_What you are asked to do_. Retype, word for word, every line from the one holding "by the limit" through the one holding "i = (\<Sum>j\<in>UNIV." in the entries below, both included, and only those lines.

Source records
···
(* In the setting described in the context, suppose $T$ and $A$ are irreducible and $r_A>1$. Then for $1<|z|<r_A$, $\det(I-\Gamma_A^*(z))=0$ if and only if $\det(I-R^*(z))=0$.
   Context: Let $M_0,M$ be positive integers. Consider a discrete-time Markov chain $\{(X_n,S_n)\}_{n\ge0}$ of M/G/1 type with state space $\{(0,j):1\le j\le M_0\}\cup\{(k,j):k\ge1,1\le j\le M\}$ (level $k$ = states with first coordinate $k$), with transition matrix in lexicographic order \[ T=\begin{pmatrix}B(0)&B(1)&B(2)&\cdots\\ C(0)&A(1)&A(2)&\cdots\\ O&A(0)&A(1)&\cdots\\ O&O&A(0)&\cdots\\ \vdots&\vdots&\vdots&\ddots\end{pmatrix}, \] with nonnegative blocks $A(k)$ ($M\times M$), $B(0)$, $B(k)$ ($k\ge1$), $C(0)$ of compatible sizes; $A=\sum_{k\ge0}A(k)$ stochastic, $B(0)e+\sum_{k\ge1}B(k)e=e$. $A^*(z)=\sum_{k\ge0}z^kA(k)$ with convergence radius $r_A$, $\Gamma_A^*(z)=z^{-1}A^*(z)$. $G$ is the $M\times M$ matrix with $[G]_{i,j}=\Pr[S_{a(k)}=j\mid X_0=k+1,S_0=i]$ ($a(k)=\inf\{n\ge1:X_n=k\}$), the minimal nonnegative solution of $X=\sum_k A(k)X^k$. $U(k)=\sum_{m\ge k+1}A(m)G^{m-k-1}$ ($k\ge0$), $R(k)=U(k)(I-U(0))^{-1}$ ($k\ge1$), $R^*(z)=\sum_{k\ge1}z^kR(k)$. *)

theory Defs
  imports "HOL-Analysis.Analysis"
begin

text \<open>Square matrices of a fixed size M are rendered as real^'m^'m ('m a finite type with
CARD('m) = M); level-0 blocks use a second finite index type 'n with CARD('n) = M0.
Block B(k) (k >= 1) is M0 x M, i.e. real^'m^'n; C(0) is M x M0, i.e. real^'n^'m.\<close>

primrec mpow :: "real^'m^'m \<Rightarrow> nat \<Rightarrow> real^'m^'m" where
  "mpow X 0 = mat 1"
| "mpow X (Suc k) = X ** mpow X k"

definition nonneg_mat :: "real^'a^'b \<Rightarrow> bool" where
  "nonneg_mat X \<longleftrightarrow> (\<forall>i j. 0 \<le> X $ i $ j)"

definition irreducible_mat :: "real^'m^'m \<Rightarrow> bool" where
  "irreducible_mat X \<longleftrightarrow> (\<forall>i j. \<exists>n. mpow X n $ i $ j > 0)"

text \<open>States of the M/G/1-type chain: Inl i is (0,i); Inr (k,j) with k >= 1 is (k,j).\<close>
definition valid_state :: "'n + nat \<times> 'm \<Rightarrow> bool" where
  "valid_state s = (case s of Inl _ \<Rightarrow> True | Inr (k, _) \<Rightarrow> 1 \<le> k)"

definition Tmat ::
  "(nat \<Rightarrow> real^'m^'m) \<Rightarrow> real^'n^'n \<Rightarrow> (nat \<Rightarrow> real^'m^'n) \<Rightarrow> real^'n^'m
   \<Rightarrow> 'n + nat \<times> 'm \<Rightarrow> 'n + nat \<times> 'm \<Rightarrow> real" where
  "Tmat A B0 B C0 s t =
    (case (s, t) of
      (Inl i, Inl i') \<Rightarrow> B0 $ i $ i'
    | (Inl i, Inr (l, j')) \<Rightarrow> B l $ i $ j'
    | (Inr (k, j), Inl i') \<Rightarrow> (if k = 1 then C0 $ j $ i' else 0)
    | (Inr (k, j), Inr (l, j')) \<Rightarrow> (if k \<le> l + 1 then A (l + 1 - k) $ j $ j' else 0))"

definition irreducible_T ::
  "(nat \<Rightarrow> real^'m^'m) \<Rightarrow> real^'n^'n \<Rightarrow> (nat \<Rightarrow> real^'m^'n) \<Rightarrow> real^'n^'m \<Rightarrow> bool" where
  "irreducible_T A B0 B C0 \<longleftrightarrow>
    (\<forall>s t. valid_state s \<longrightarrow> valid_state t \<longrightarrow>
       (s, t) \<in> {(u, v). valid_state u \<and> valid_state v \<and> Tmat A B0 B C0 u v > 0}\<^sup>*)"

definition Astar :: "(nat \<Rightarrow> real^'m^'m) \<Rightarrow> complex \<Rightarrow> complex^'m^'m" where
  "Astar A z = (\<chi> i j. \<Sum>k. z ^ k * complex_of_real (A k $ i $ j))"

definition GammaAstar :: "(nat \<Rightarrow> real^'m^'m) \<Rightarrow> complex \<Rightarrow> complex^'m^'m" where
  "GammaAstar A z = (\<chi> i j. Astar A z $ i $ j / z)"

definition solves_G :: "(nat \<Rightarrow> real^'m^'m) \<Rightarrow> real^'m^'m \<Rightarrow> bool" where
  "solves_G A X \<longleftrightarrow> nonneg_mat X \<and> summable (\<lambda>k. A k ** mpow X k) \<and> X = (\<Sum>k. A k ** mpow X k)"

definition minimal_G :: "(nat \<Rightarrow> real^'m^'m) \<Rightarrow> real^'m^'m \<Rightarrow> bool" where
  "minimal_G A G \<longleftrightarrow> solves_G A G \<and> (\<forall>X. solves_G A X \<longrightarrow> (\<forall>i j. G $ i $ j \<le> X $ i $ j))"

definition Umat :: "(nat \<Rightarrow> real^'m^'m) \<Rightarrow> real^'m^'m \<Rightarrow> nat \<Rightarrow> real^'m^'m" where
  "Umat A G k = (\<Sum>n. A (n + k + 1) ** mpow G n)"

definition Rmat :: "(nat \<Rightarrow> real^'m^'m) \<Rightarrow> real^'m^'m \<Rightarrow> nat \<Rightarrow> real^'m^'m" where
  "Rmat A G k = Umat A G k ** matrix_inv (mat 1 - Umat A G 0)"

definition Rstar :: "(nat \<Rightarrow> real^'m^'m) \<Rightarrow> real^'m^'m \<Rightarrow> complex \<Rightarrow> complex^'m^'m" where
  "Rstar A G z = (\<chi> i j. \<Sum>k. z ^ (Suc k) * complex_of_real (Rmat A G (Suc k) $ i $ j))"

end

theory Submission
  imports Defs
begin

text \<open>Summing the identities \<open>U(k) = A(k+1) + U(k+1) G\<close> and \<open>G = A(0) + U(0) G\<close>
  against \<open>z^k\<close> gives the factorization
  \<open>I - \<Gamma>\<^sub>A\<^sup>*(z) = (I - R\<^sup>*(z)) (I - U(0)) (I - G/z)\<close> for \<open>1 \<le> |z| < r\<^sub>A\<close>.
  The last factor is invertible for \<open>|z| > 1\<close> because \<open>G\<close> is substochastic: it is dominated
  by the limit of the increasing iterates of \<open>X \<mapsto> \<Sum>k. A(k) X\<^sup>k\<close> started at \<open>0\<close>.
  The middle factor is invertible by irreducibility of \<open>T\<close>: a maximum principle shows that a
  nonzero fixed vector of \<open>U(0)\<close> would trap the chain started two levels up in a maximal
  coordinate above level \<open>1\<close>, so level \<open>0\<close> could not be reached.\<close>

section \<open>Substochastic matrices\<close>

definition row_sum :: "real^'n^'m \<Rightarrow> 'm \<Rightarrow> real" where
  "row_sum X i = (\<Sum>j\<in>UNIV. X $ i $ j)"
···
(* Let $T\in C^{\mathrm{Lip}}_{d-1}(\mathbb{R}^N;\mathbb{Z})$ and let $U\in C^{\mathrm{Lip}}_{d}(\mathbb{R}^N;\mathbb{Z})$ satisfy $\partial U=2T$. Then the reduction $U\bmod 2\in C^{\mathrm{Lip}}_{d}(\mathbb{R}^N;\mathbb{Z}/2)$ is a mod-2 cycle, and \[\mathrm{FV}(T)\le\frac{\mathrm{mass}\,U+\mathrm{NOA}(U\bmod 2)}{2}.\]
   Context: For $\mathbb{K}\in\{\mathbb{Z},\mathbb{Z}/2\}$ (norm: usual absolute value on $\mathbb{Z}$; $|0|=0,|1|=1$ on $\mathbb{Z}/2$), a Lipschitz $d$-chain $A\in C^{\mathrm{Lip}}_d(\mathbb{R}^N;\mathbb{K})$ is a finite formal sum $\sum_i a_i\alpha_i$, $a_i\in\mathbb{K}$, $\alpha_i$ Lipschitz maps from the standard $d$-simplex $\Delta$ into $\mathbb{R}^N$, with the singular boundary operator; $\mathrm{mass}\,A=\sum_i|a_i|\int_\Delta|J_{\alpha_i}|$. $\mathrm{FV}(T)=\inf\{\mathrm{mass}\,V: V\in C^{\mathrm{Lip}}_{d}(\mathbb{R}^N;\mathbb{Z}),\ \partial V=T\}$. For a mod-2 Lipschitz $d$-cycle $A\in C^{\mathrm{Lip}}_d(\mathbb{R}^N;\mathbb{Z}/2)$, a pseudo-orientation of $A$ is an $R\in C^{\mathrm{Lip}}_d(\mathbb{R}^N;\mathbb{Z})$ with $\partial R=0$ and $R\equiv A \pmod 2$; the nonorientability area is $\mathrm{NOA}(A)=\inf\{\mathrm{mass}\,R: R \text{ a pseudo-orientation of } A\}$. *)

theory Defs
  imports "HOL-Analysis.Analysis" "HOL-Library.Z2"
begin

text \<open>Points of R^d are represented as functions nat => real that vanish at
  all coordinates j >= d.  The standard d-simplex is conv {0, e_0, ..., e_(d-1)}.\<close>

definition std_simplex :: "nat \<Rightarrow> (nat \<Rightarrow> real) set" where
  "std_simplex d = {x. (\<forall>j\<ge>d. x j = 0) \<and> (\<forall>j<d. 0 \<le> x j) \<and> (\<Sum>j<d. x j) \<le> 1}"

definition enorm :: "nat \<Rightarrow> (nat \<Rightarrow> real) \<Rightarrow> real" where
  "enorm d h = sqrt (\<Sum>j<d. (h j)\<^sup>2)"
···
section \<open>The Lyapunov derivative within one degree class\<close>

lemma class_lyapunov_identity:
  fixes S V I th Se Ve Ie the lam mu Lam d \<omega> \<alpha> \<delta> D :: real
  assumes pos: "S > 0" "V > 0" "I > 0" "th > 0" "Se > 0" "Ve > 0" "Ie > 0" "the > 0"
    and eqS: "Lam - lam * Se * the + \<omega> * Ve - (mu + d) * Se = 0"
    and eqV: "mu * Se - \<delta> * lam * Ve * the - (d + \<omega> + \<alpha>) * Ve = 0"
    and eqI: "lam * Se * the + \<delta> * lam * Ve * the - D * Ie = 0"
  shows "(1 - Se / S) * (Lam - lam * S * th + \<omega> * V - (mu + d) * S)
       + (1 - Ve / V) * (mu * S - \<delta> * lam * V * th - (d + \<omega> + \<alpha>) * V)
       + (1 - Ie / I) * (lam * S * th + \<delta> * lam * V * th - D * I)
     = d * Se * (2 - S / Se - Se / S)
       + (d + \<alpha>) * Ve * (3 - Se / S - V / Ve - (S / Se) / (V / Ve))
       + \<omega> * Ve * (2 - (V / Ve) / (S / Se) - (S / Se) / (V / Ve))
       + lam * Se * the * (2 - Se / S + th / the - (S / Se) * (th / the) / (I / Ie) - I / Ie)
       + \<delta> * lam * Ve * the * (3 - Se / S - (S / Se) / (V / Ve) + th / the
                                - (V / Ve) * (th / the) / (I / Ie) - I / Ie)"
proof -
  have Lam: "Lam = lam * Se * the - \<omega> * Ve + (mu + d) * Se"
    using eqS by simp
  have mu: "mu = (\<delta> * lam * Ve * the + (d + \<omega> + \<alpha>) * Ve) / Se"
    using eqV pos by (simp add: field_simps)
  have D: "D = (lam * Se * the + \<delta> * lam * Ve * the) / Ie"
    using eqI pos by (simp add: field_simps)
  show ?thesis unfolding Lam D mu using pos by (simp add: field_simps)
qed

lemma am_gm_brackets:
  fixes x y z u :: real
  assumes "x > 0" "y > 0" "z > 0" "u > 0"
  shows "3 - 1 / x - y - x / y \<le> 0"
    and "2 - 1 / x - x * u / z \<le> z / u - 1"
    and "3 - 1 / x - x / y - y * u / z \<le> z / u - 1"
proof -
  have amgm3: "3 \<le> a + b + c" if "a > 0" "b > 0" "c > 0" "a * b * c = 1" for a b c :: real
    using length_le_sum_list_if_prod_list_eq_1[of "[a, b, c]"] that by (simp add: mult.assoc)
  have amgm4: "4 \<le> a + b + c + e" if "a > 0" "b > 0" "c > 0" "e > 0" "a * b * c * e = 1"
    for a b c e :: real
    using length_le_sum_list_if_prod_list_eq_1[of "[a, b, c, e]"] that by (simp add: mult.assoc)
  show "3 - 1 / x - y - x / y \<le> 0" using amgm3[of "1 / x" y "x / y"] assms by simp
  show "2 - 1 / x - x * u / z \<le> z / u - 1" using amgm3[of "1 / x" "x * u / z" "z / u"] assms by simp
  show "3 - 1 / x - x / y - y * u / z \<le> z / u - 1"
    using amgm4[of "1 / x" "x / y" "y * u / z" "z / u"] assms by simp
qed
···
_Result below_.
  by the limit of the increasing iterates of \<open>X \<mapsto> \<Sum>k. A(k) X\<^sup>k\<close> started at \<open>0\<close>.
  The middle factor is invertible by irreducibility of \<open>T\<close>: a maximum principle shows that a
  nonzero fixed vector of \<open>U(0)\<close> would trap the chain started two levels up in a maximal
  coordinate above level \<open>1\<close>, so level \<open>0\<close> could not be reached.\<close>

section \<open>Substochastic matrices\<close>

definition row_sum :: "real^'n^'m \<Rightarrow> 'm \<Rightarrow> real" where
  "row_sum X i = (\<Sum>j\<in>UNIV. X $ i $ j)"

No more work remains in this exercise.